Best article I read about endianness "Understanding Big and Little Endian Byte Order".
Actually, I'd describe the endianness of a machine as the order of bytes inside of a word, and not the order of bits.
By "bytes" up there I mean the "smallest unit of memory the architecture can manage individually". So, if the smallest unit is 16 bits long (what in x86 would be called a word) then a 32 bit "word" representing the value 0xFFFF0000 could be stored like this:
FFFF 0000
or this:
0000 FFFF
in memory, depending on endianness.
So, if you have 8-bit endianness, it means that every word consisting of 16 bits, will be stored as:
FF 00
or:
00 FF
and so on.
Practically speaking, endianess refers to the way the processor will interpret the content of a given memory location. For example, if we have memory location 0x100 with the following content (hex bytes)
0x100: 12 34 56 78 90 ab cd ef
Reads Little Endian Big Endian
8-bit: 12 12
16-bit: 34 12 12 34
32-bit: 78 56 34 12 12 34 56 78
64-bit: ef cd ab 90 78 56 34 12 12 34 56 78 90 ab cd ef
The two situations where you need to mind endianess are with networking code and if you do down casting with pointers.
TCP/IP specifies that data on the wire should be big endian. If you transmit types other than byte arrays (like pointers to structures), you should make sure to use the ntoh/hton macros to ensure the data is sent big endian. If you send from a little-endian processor to a big-endian processor (or vice versa), the data will be garbled...
Casting issues:
uint32_t* lptr = 0x100;
uint16_t data;
*lptr = 0x0000FFFF
data = *((uint16_t*)lptr);
What will be the value of data?
On a big-endian system, it would be 0 On a little-endian system, it would be FFFF
13 years ago I worked on a tool portable to both a DEC ALPHA system and a PC. On this DEC ALPHA the bits were actually inverted. That is:
1010 0011
actually translated to
1100 0101
It was almost transparent and seamless in the C code except that I had a bitfield declared like
typedef struct {
int firstbit:1;
int middlebits:10;
int lastbits:21;
};
that needed to be translated to (using #ifdef conditional compiling)
typedef struct {
int lastbits:21;
int middlebits:10;
int firstbit:1;
};
As #erik-van-brakel answered on this post, be careful when communicating with certain PLC : Mixed-endian still alive !
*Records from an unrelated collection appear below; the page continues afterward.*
lemma ld_antimagic_join_labelling:
  assumes n: "n \<ge> 1"
  shows "ld_antimagic (graph_join (friendship n) (bistar n)) (join_labelling n)"
proof -
  have comp: "join_labelling n \<circ> Inl = Suc" "join_labelling n \<circ> Inr = bistar_labelling n"
    unfolding join_labelling_def by (fact case_sum_o_inj)+
  have cross: "weight (graph_join (friendship n) (bistar n)) (join_labelling n) (Inl u) \<noteq>
      weight (graph_join (friendship n) (bistar n)) (join_labelling n) (Inr v)"
    if "u \<in> verts (friendship n)" "v \<in> verts (bistar n)" for u v
    using join_labelling_weights_separated[OF n that] that
    by (simp add: weight_graph_join_Inl weight_graph_join_Inr join_labelling_def case_sum_o_inj
        verts_friendship verts_bistar)
  show ?thesis
    unfolding ld_antimagic_iff proper_weights_graph_join_iff[OF finite_graph_friendship finite_graph_bistar] comp
    using bij_betw_join_labelling proper_weights_friendship_Suc[OF n] proper_weights_bistar_labelling[OF n] cross
    by (simp add: join_labelling_def)
qed

theorem mainTheorem4:
  fixes n :: nat
  assumes "n \<ge> 1"
  shows "chi_ld (graph_join (friendship n) (bistar n)) = 2*n + 5"
proof (rule chi_ld_eqI[OF ld_antimagic_join_labelling[OF assms]])
  let ?J = "graph_join (friendship n) (bistar n)"
  note finite_graphs = finite_graph_friendship finite_graph_bistar
  fix f assume "ld_antimagic ?J f"
  then have bij: "bij_betw f (verts ?J) {1..card (verts ?J)}" and proper: "proper_weights ?J f"
    by (simp_all add: ld_antimagic_iff)
  have "inj_on (f \<circ> Inl) (verts (friendship n))" "inj_on (f \<circ> Inr) (verts (bistar n))"
    using bij_betw_imp_inj_on[OF bij] by (auto simp: verts_graph_join inj_on_def)
  moreover have "0 \<notin> (f \<circ> Inr) ` verts (bistar n)"
    using bij_betw_imp_surj_on[OF bij] by (force simp: verts_graph_join)
  moreover have "proper_weights (friendship n) (f \<circ> Inl)" "proper_weights (bistar n) (f \<circ> Inr)"
    using proper by (simp_all add: proper_weights_graph_join_iff[OF finite_graphs])
  ultimately show "card (weight ?J f ` verts ?J) = 2*n + 5"
    using card_weight_image_graph_join[OF finite_graphs proper]
      card_weight_image_friendship card_weight_image_bistar[OF assms] by simp
qed

end
lemma (in finite_measure) measure_UN_le_geometric:
  fixes A :: "nat \<Rightarrow> 'a set"
  assumes A: "\<And>i. A i \<in> sets M" and small: "\<And>i. measure M (A i) < e / 2 ^ Suc i"
  shows "measure M (\<Union>i. A i) \<le> e"
proof -
  have "(\<lambda>i. e * (1/2) ^ Suc i) sums (e * 1)"
    by (rule sums_mult[OF power_half_series])
  moreover have "(\<lambda>i. e * (1/2) ^ Suc i) = (\<lambda>i. e / 2 ^ Suc i)"
    by (simp add: power_divide)
  ultimately have geom: "(\<lambda>i. e / 2 ^ Suc i) sums e" by simp
  have summ: "summable (\<lambda>i. measure M (A i))"
    by (rule summable_comparison_test[OF _ sums_summable[OF geom]])
      (use small in \<open>auto intro!: exI[of _ 0] less_imp_le\<close>)
  have "measure M (\<Union>i. A i) \<le> (\<Sum>i. measure M (A i))"
    using A summ by (intro finite_measure_subadditive_countably) auto
  also have "\<dots> \<le> (\<Sum>i. e / 2 ^ Suc i)"
    using summ geom small by (intro suminf_le) (auto intro: less_imp_le simp: sums_iff)
  also have "\<dots> = e"
    using geom by (rule sums_unique[symmetric])
  finally show ?thesis .
qed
Indeed, I need to communicate with a PLC (from a well known manufacturer) with (Modbus-TCP) OPC protocol and it seems that it returns me a mixed-endian on every half word. So it is still used by some of the larger manufacturers.
Here is an example with the "pieces" string :
the basic concept is the ordering of bits:
1010 0011
in little-endian is the same as
0011 1010
in big-endian (and vice-versa).
You'll notice the order changes by grouping, not by individual bit. I don't know of a system, for example, where
1100 0101
would be the "other-endian" version of the first version.